■ Assignment ■
Please restate word for word only the lines that start at the one containing "define d :: real" and continue to the final line of the material.

■ Supplied data ■
(* Let $\varphi$ be a bounded setfunction defined on a set-algebra $(J,\mathcal{B})$, with $\varphi(\emptyset)=0$. Then there exists a sequence $(\varphi_n\colon n\in\mathbb{N})$ of finite quotients of $\varphi$ such that $\varphi_n\rightarrowtail\varphi$.
   Context: A set-algebra $(J,\mathcal{B})$ is a family of subsets of $J$ containing $\emptyset$ and closed under complement and finite union; a setfunction on it is a map $\mathcal{B}\to\mathbb{R}$. For $k\in\mathbb{N}$ and a map $F\colon J\to[k]$ with $F^{-1}(i)\in\mathcal{B}$ for every $i$, the quotient $\varphi\circ F^{-1}$ is the setfunction $A\mapsto\varphi(F^{-1}(A))$ on $2^{[k]}$ (a finite quotient); $Q_k(\varphi)\subseteq\mathbb{R}^{2^k}$ is the set of all quotients of $\varphi$ on $[k]$. $\varphi_n\rightarrowtail\varphi$ means that for every $k\in\mathbb{N}$ the Hausdorff distance in Euclidean $\mathbb{R}^{2^k}$ between $Q_k(\varphi_n)$ and $Q_k(\varphi)$ tends to $0$. *)

theory Defs
  imports "HOL-Analysis.Analysis"
begin

text \<open>Set-algebras (J,B) are rendered by the library predicate algebra J B
  (B is a family of subsets of J containing the empty set, closed under
  complement in J and finite unions). A setfunction is phi :: 'a set => real,
  only its values on B matter.\<close>

definition quotient_map :: "'a set \<Rightarrow> 'a set set \<Rightarrow> nat \<Rightarrow> ('a \<Rightarrow> nat) \<Rightarrow> bool" where
  "quotient_map J B k F \<longleftrightarrow> F ` J \<subseteq> {1..k} \<and> (\<forall>i\<in>{1..k}. {x\<in>J. F x = i} \<in> B)"

definition quot :: "'a set \<Rightarrow> ('a set \<Rightarrow> real) \<Rightarrow> nat \<Rightarrow> ('a \<Rightarrow> nat) \<Rightarrow> nat set \<Rightarrow> real" where
  "quot J phi k F = (\<lambda>A. if A \<subseteq> {1..k} then phi {x\<in>J. F x \<in> A} else 0)"

definition Qset :: "'a set \<Rightarrow> 'a set set \<Rightarrow> ('a set \<Rightarrow> real) \<Rightarrow> nat \<Rightarrow> (nat set \<Rightarrow> real) set" where
  "Qset J B phi k = {quot J phi k F | F. quotient_map J B k F}"

text \<open>Euclidean distance in R^{2^k}, coordinates indexed by subsets of [k].\<close>
definition edist :: "nat \<Rightarrow> (nat set \<Rightarrow> real) \<Rightarrow> (nat set \<Rightarrow> real) \<Rightarrow> real" where
  "edist k u v = sqrt (\<Sum>A\<in>Pow {1..k}. (u A - v A)\<^sup>2)"

definition hdist :: "nat \<Rightarrow> (nat set \<Rightarrow> real) set \<Rightarrow> (nat set \<Rightarrow> real) set \<Rightarrow> real" where
  "hdist k S T = max (SUP u\<in>S. INF v\<in>T. edist k u v) (SUP v\<in>T. INF u\<in>S. edist k u v)"

end

theory Submission
  imports Defs
begin

(* Q_k(phi) is a bounded subset of R^(2^k), so for every e > 0 it has a finite e-net, each point of
   which is a quotient phi o F^-1. The finitely many partitions F of J used for the nets of
   Q_1(phi), ..., Q_n(phi) have a common refinement H into sets of B, and every F factors through H.
   Hence each net point is a quotient of the finite quotient psi = phi o H^-1, while every quotient of
   psi is a quotient of phi: Q_k(psi) is an e-dense subset of Q_k(phi) for all k <= n, so their
   Hausdorff distance is at most e. Taking e = 1/(n+1) gives the sequence. *)

lemma quotient_map_fibre_in_algebra:
  assumes "algebra J B" "quotient_map J B k F"
  shows "{x\<in>J. F x = i} \<in> B"
proof (cases "i \<in> {1..k}")
  case True
  then show ?thesis using assms(2) unfolding quotient_map_def by blast
next
  case False
  then have "{x\<in>J. F x = i} = {x\<in>J. False}" using assms(2) unfolding quotient_map_def by auto
  then show ?thesis using algebra.sets_Collect_const[OF assms(1)] by (simp only:)
qed

lemma quotient_map_preimage_in_algebra:
  assumes "algebra J B" "quotient_map J B k F" "finite A"
  shows "{x\<in>J. F x \<in> A} \<in> B"
  using ring_of_sets.sets_Collect_finite_Ex[OF algebra.axioms(1)[OF assms(1)], of A "\<lambda>i x. F x = i"]
    quotient_map_fibre_in_algebra[OF assms(1,2)] assms(3)
  by simp

lemma quotient_map_Pow_iff: "quotient_map I (Pow I) k G \<longleftrightarrow> G ` I \<subseteq> {1..k}"
  unfolding quotient_map_def by auto

lemma quotient_map_const_1:
  assumes "algebra J B" "1 \<le> k"
  shows "quotient_map J B k (\<lambda>_. 1)"
  using assms algebra.sets_Collect_const[OF assms(1)] unfolding quotient_map_def by auto

lemma quotient_map_comp:
  assumes "algebra J B" "quotient_map J B m H" "G ` {1..m} \<subseteq> {1..k}"
  shows "quotient_map J B k (\<lambda>x. G (H x))"
proof -
  have "{x\<in>J. G (H x) = i} \<in> B" for i
  proof -
    have "{x\<in>J. G (H x) = i} = {x\<in>J. H x \<in> {j\<in>{1..m}. G j = i}}"
      using assms(2) unfolding quotient_map_def by auto
    also have "\<dots> \<in> B" by (rule quotient_map_preimage_in_algebra[OF assms(1,2)]) simp
    finally show ?thesis .
  qed
  moreover have "(\<lambda>x. G (H x)) ` J \<subseteq> {1..k}"
    using assms(2,3) unfolding quotient_map_def by auto
  ultimately show ?thesis unfolding quotient_map_def by blast
qed

lemma quot_comp:
  assumes "H ` J \<subseteq> {1..m}"
  shows "quot {1..m} (quot J phi m H) k G = quot J phi k (\<lambda>x. G (H x))"
proof
  fix A
  have "{x\<in>J. H x \<in> {j\<in>{1..m}. G j \<in> A}} = {x\<in>J. G (H x) \<in> A}"
    using assms by auto
  then show "quot {1..m} (quot J phi m H) k G A = quot J phi k (\<lambda>x. G (H x)) A"
    unfolding quot_def by auto
qed

lemma Qset_quot_subset:
  assumes "algebra J B" "quotient_map J B m H"
  shows "Qset {1..m} (Pow {1..m}) (quot J phi m H) k \<subseteq> Qset J B phi k"
proof
  fix u assume "u \<in> Qset {1..m} (Pow {1..m}) (quot J phi m H) k"
  then obtain G where G: "G ` {1..m} \<subseteq> {1..k}" and u: "u = quot {1..m} (quot J phi m H) k G"
    unfolding Qset_def quotient_map_Pow_iff by blast
  have "u = quot J phi k (\<lambda>x. G (H x))"
    using u quot_comp assms(2) unfolding quotient_map_def by blast
  then show "u \<in> Qset J B phi k"
    using quotient_map_comp[OF assms G] unfolding Qset_def by blast
qed

lemma quot_factor_in_Qset_quot:
  assumes "quotient_map J B m H" "G ` {1..m} \<subseteq> {1..k}" "\<forall>x\<in>J. F x = G (H x)"
  shows "quot J phi k F \<in> Qset {1..m} (Pow {1..m}) (quot J phi m H) k"
proof -
  have "quot J phi k F = quot J phi k (\<lambda>x. G (H x))"
    using assms(3) unfolding quot_def by (intro ext) (auto intro!: arg_cong[where f = phi])
  also have "\<dots> = quot {1..m} (quot J phi m H) k G"
    using quot_comp assms(1) unfolding quotient_map_def by metis
  finally show ?thesis
    using assms(2) unfolding Qset_def quotient_map_Pow_iff by blast
qed

lemma Qset_nonempty:
  assumes "algebra J B" "1 \<le> k"
  shows "Qset J B phi k \<noteq> {}"
  using quotient_map_const_1[OF assms] unfolding Qset_def by blast

lemma Qset_bounded:
  assumes "algebra J B" "\<forall>A\<in>B. \<bar>phi A\<bar> \<le> C" "u \<in> Qset J B phi k"
  shows "\<bar>u A\<bar> \<le> C"
proof -
  obtain F where F: "quotient_map J B k F" and u: "u = quot J phi k F"
    using assms(3) unfolding Qset_def by blast
  have "0 \<le> C"
    using assms(2) algebra.sets_Collect_const[OF assms(1), of False] by fastforce
  moreover have "\<bar>phi {x\<in>J. F x \<in> A}\<bar> \<le> C" if "A \<subseteq> {1..k}"
    using assms(2) quotient_map_preimage_in_algebra[OF assms(1) F] finite_subset[OF that] by simp
  ultimately show ?thesis
    unfolding u quot_def by auto
qed

lemma edist_nonneg: "0 \<le> edist k u v"
  unfolding edist_def by (simp add: sum_nonneg)

lemma edist_self: "edist k u u = 0"
  unfolding edist_def by simp

lemma edist_le_pow2_mult:
  assumes "\<And>A. A \<subseteq> {1..k} \<Longrightarrow> \<bar>u A - v A\<bar> \<le> d"
  shows "edist k u v \<le> 2 ^ k * d"
proof -
  have "edist k u v = L2_set (\<lambda>A. u A - v A) (Pow {1..k})"
    unfolding edist_def L2_set_def ..
  also have "\<dots> \<le> (\<Sum>A\<in>Pow {1..k}. \<bar>u A - v A\<bar>)"
    by (rule L2_set_le_sum_abs)
  also have "\<dots> \<le> of_nat (card (Pow {1..k})) * d"
    using assms by (intro sum_bounded_above) auto
  finally show ?thesis by (simp add: card_Pow)
qed

lemma hdist_le_if_dense_subset:
  assumes "S \<subseteq> T" "S \<noteq> {}" "\<And>v. v \<in> T \<Longrightarrow> \<exists>u\<in>S. edist k u v \<le> e"
  shows "0 \<le> hdist k S T" "hdist k S T \<le> e"
proof -
  have bdd: "bdd_below ((\<lambda>u. edist k u v) ` X)" "bdd_below (edist k u ` X)" for u v X
    by (rule bdd_belowI2[where m = 0], rule edist_nonneg)+
  have "(INF v\<in>T. edist k u v) = 0" if "u \<in> S" for u
  proof (rule antisym)
    show "(INF v\<in>T. edist k u v) \<le> 0"
      using that assms(1) edist_self by (intro cINF_lower2[OF bdd(2)]) auto
    show "0 \<le> (INF v\<in>T. edist k u v)"
      using that assms(1) edist_nonneg by (intro cINF_greatest) auto
  qed
  then have near: "(SUP u\<in>S. INF v\<in>T. edist k u v) = 0"
    using assms(2) by simp
  have far: "(SUP v\<in>T. INF u\<in>S. edist k u v) \<le> e"
  proof (rule cSUP_least)
    show "T \<noteq> {}" using assms(1,2) by blast
  next
    fix v assume "v \<in> T"
    then obtain u where "u \<in> S" "edist k u v \<le> e" using assms(3) by blast
    then show "(INF u\<in>S. edist k u v) \<le> e" by (intro cINF_lower2[OF bdd(1)])
  qed
  obtain v where "v \<in> T" using assms(1,2) by blast
  then have "0 \<le> e" using assms(3) edist_nonneg order_trans by blast
  then show "0 \<le> hdist k S T" "hdist k S T \<le> e"
    unfolding hdist_def near using far by auto
qed

lemma bounded_imp_finite_edist_net:
  assumes "\<And>u A. u \<in> Q \<Longrightarrow> A \<subseteq> {1..k} \<Longrightarrow> \<bar>u A\<bar> \<le> C" "0 < e"
  shows "\<exists>N\<subseteq>Q. finite N \<and> (\<forall>v\<in>Q. \<exists>u\<in>N. edist k u v \<le> e)"
proof -
  define d :: real where "d = e / 2 ^ k"
  have "0 < d" unfolding d_def using assms(2) by simp
  define cell where "cell u = (\<lambda>A\<in>Pow {1..k}. \<lfloor>u A / d\<rfloor>)" for u :: "nat set \<Rightarrow> real"
  have "\<lfloor>u A / d\<rfloor> \<in> {\<lfloor>-C / d\<rfloor>..\<lfloor>C / d\<rfloor>}" if "u \<in> Q" "A \<subseteq> {1..k}" for u A
  proof -
    have "-C \<le> u A" "u A \<le> C" using assms(1)[OF that] by linarith+
    then have "-C / d \<le> u A / d" "u A / d \<le> C / d"
      using \<open>0 < d\<close> by (simp_all only: divide_right_mono less_imp_le)
    then show ?thesis by (simp add: floor_mono)
  qed
  then have "cell ` Q \<subseteq> (\<Pi>\<^sub>E A\<in>Pow {1..k}. {\<lfloor>-C / d\<rfloor>..\<lfloor>C / d\<rfloor>})"
    unfolding cell_def by (simp add: image_subset_iff restrict_PiE_iff)
  then have "finite (cell ` Q)"
    by (rule finite_subset) (intro finite_PiE; simp)
  then obtain N where N: "N \<subseteq> Q" "finite N" "cell ` Q = cell ` N"
    using finite_subset_image[of "cell ` Q" cell Q] by blast
  have "\<exists>u\<in>N. edist k u v \<le> e" if "v \<in> Q" for v
  proof -
    obtain u where "u \<in> N" and same_cell: "cell u = cell v"
      using N(3) \<open>v \<in> Q\<close> by (metis imageE imageI)
    have "\<bar>u A - v A\<bar> \<le> d" if "A \<subseteq> {1..k}" for A
    proof -
      have "\<lfloor>u A / d\<rfloor> = \<lfloor>v A / d\<rfloor>"
        using fun_cong[OF same_cell, of A] that unfolding cell_def by simp
      then have "\<bar>u A / d - v A / d\<bar> < 1" by (rule floor_eq_imp_diff_1)
      then show ?thesis
        using \<open>0 < d\<close> by (metis abs_div_pos diff_divide_distrib divide_less_eq_1_pos less_imp_le)
    qed
    then have "edist k u v \<le> 2 ^ k * d" by (rule edist_le_pow2_mult)
    then show ?thesis using \<open>u \<in> N\<close> unfolding d_def by auto
  qed
  then show ?thesis using N(1,2) by blast
qed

■ Task response ■
  define d :: real where "d = e / 2 ^ k"
  have "0 < d" unfolding d_def using assms(2) by simp
  define cell where "cell u = (\<lambda>A\<in>Pow {1..k}. \<lfloor>u A / d\<rfloor>)" for u :: "nat set \<Rightarrow> real"
  have "\<lfloor>u A / d\<rfloor> \<in> {\<lfloor>-C / d\<rfloor>..\<lfloor>C / d\<rfloor>}" if "u \<in> Q" "A \<subseteq> {1..k}" for u A
  proof -
    have "-C \<le> u A" "u A \<le> C" using assms(1)[OF that] by linarith+
    then have "-C / d \<le> u A / d" "u A / d \<le> C / d"
      using \<open>0 < d\<close> by (simp_all only: divide_right_mono less_imp_le)
    then show ?thesis by (simp add: floor_mono)
  qed
  then have "cell ` Q \<subseteq> (\<Pi>\<^sub>E A\<in>Pow {1..k}. {\<lfloor>-C / d\<rfloor>..\<lfloor>C / d\<rfloor>})"
    unfolding cell_def by (simp add: image_subset_iff restrict_PiE_iff)
  then have "finite (cell ` Q)"
    by (rule finite_subset) (intro finite_PiE; simp)
  then obtain N where N: "N \<subseteq> Q" "finite N" "cell ` Q = cell ` N"
    using finite_subset_image[of "cell ` Q" cell Q] by blast
  have "\<exists>u\<in>N. edist k u v \<le> e" if "v \<in> Q" for v
  proof -
    obtain u where "u \<in> N" and same_cell: "cell u = cell v"
      using N(3) \<open>v \<in> Q\<close> by (metis imageE imageI)
    have "\<bar>u A - v A\<bar> \<le> d" if "A \<subseteq> {1..k}" for A
    proof -
      have "\<lfloor>u A / d\<rfloor> = \<lfloor>v A / d\<rfloor>"
        using fun_cong[OF same_cell, of A] that unfolding cell_def by simp
      then have "\<bar>u A / d - v A / d\<bar> < 1" by (rule floor_eq_imp_diff_1)
      then show ?thesis
        using \<open>0 < d\<close> by (metis abs_div_pos diff_divide_distrib divide_less_eq_1_pos less_imp_le)
    qed
    then have "edist k u v \<le> 2 ^ k * d" by (rule edist_le_pow2_mult)
    then show ?thesis using \<open>u \<in> N\<close> unfolding d_def by auto
  qed
  then show ?thesis using N(1,2) by blast
qed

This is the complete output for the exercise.